I gape at him in shock. How the hell did he get hold of my DNA? And my birth certificate? I shake my head, sweeping those thoughts away. Never mind. It still doesn’t change anything.

“I don’t know what you’d risk doing—I don’t know you, remember? You’re a total stranger. Secondly, even if you think you have proof, you can’t just waltz in here after seventeen years of nothing—no phone calls, no visits, not even so much as a birthday card and expect me to what? Come and live with you? Sorry, but you’re about seventeen years too late. I’m not interested”.

The calm expression flares into something like anguish.

“Your father only found out about you shortly before his death.
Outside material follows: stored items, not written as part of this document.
lemma weighted_estimate_rescale:
  assumes ph: "phase_ok phi" and am: "amplitude_ok a" and p: "1 \<le> p"
    and beta: "0 < beta" "beta < alpha" and q: "0 < q" and C: "0 < C"
    and est: "weighted_estimate phi a beta p q (eps * beta / alpha) C"
  shows "weighted_estimate phi a alpha p (q * alpha / beta) eps (C powr (alpha / beta))"
  unfolding weighted_estimate_def
proof (intro allI impI, elim conjE)
  fix lam R :: real and f :: "real \<Rightarrow> complex" and H :: "real^2 \<Rightarrow> real"
  assume lam: "1 \<le> lam" and R: "1 \<le> R" "R \<le> lam" and f: "in_Lp p f"
    and f_supp: "\<forall>xi. xi \<notin> {0<..<1} \<longrightarrow> f xi = 0" and H: "alpha_weight alpha H"
  have T: "T_lam phi a lam f \<in> borel_measurable borel"
    using T_lam_measurable[OF ph am] lam f by (simp add: in_Lp_def)
  obtain M where M: "0 < M" "\<And>x. norm (T_lam phi a lam f x) \<le> M"
    using T_lam_bounded[OF ph am _ f p] lam by (metis less_le_trans zero_less_one)
  show "(\<integral>\<^sup>+x \<in> ball 0 R. norm (T_lam phi a lam f x) powr (q * alpha / beta) * H x \<partial>lborel)
      \<le> ennreal (C powr (alpha / beta) * A_alpha alpha H * R powr eps * Lp_norm p f powr (q * alpha / beta))"
    using est lam R f f_supp unfolding weighted_estimate_def
    by (intro rescaled_estimate_of_dual_weights[OF H T M beta q C R(1)]) (auto simp: Lp_norm_def)
qed

lemma good_q_rescale:
  assumes "phase_ok phi" "amplitude_ok a" "1 \<le> p" "0 < beta" "beta < alpha" "0 < q"
    and "good_q phi a beta p q"
  shows "good_q phi a alpha p (q * alpha / beta)"
  unfolding good_q_iff_weighted_estimate
proof (intro allI impI)
  fix eps :: real assume "0 < eps"
  with assms have "0 < eps * beta / alpha" by simp
  with assms obtain C where "0 < C" "weighted_estimate phi a beta p q (eps * beta / alpha) C"
    unfolding good_q_iff_weighted_estimate by fastforce
  with assms show "\<exists>C>0. weighted_estimate phi a alpha p (q * alpha / beta) eps C"
    by (intro exI[of _ "C powr (alpha / beta)"]) (auto intro: weighted_estimate_rescale)
qed

theorem mainTheorem8:
  fixes phi :: "real^2 \<Rightarrow> real \<Rightarrow> real" and a :: "real^2 \<Rightarrow> real \<Rightarrow> complex"
    and p alpha beta :: real
  assumes "phase_ok phi" and "amplitude_ok a" and "p \<ge> 1"
    and "0 < beta" and "beta < alpha" and "alpha \<le> 2"
  shows "Qexp phi a alpha p / ereal alpha \<le> Qexp phi a beta p / ereal beta"
proof -
  have "ereal beta * (Qexp phi a alpha p / ereal alpha) \<le> Qexp phi a beta p"
    unfolding Qexp_def[of phi a beta p]
  proof (rule Inf_greatest, clarify)
    fix q assume q: "0 < q" "good_q phi a beta p q"
    with assms have "Qexp phi a alpha p \<le> ereal (q * alpha / beta)"
      unfolding Qexp_def by (intro Inf_lower) (auto intro: good_q_rescale)
    then have "Qexp phi a alpha p / ereal alpha \<le> ereal (q * alpha / beta) / ereal alpha"
      using assms by (intro ereal_divide_right_mono) auto
    also have "\<dots> = ereal (q / beta)"
      using assms by simp
    finally have "ereal beta * (Qexp phi a alpha p / ereal alpha) \<le> ereal beta * ereal (q / beta)"
      using assms by (intro ereal_mult_left_mono) auto
    with assms show "ereal beta * (Qexp phi a alpha p / ereal alpha) \<le> ereal q"
      by simp
  qed
  with assms show ?thesis by (subst ereal_le_divide_pos) auto
qed

end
He kept it a secret at first, and I only found out after his death.”

I didn’t think I’d care, but the words feel like needles in my chest.

“Of course, he did. A dirty little secret. Let me guess, he didn’t want his perfect little family knowing about his little mistake?”

“There’s so much you don’t understand, Jazmine, so much you don’t know. But I’m here to show you. It’s taken me months to track you down and now that I’ve found you, I’m not leaving here without you”.

I shoot him an incredulous look.

“Which part of I’m not going with you, didn’t you understand? Let me say it again—I’m not going anywhere with you. So, you can leave now.” I fix one of my most merciless glares at him. The one that makes most people pale under its intensity. But my uncanny violet-silver eyes don’t seem to faze him at all.

“You have your father’s eyes,” he says wistfully, and I feel like scratching them out of my face.

I can’t stand here for a second longer. I need to get the hell away from here. Now.

“Fine. Don’t leave, stand there all night, if you want. I’ll leave and if you even think about following me, I’ll call the cops.” I make the empty threat again.

I turn my back on him, and start walking away, but his next words stop me dead in my tracks.

“You need to come with me, Jazmine. It’s not safe for you here anymore, Jazmine.”

Not safe? What the hell?

He’s lying, I tell myself. Why the hell should I believe a single word coming out of this guy’s mouth and even if he is telling the truth, it doesn’t change the fact that this man is still a stranger to me. A total stranger.

Leave. I order myself, but instead of getting the hell out of there, I open my mouth instead.

“What are you talking about?” My question is barely a whisper in the night, scared to hear the answer.

“You need to trust me”.

Everything happens so quickly then, but at the same time, it feels like everything is moving in slow motion.

The man grabs my arm and before the scream working its way up my throat can rip out of my mouth, I’m being blown away by what feels like a hurricane. Only it isn’t.

I can feel my eyes widen as the very air around me shifts, comes to life, crackling with fire and lightning. Then the atmosphere itself is opening. I’m out of my mind with fear, but through the haze of blind panic, I can see the endless expanse beyond the opening. The never-ending star-filled universe against a prism-like spectrum of colors. So many colors, so vivid, it’s difficult to look at.

I can feel myself thrashing and kicking, but it’s no use, this man is far stronger. He’s pushing me into the opening and I can do nothing but let myself fall through it.

I’m flying then, flying through what feels like time and space, which is crazy. But it’s difficult to keep a grip on reality when you’re flying through starlight and rainbows. I can feel myself screaming, but the sound is lost in the vast expanse. Traveling at what feels like lightning speed, I’m too paralyzed to be terrified. I’m beyond all thought and reason. After what feels like an eternity of falling, the universe stills and thankfully, I feel and see nothing.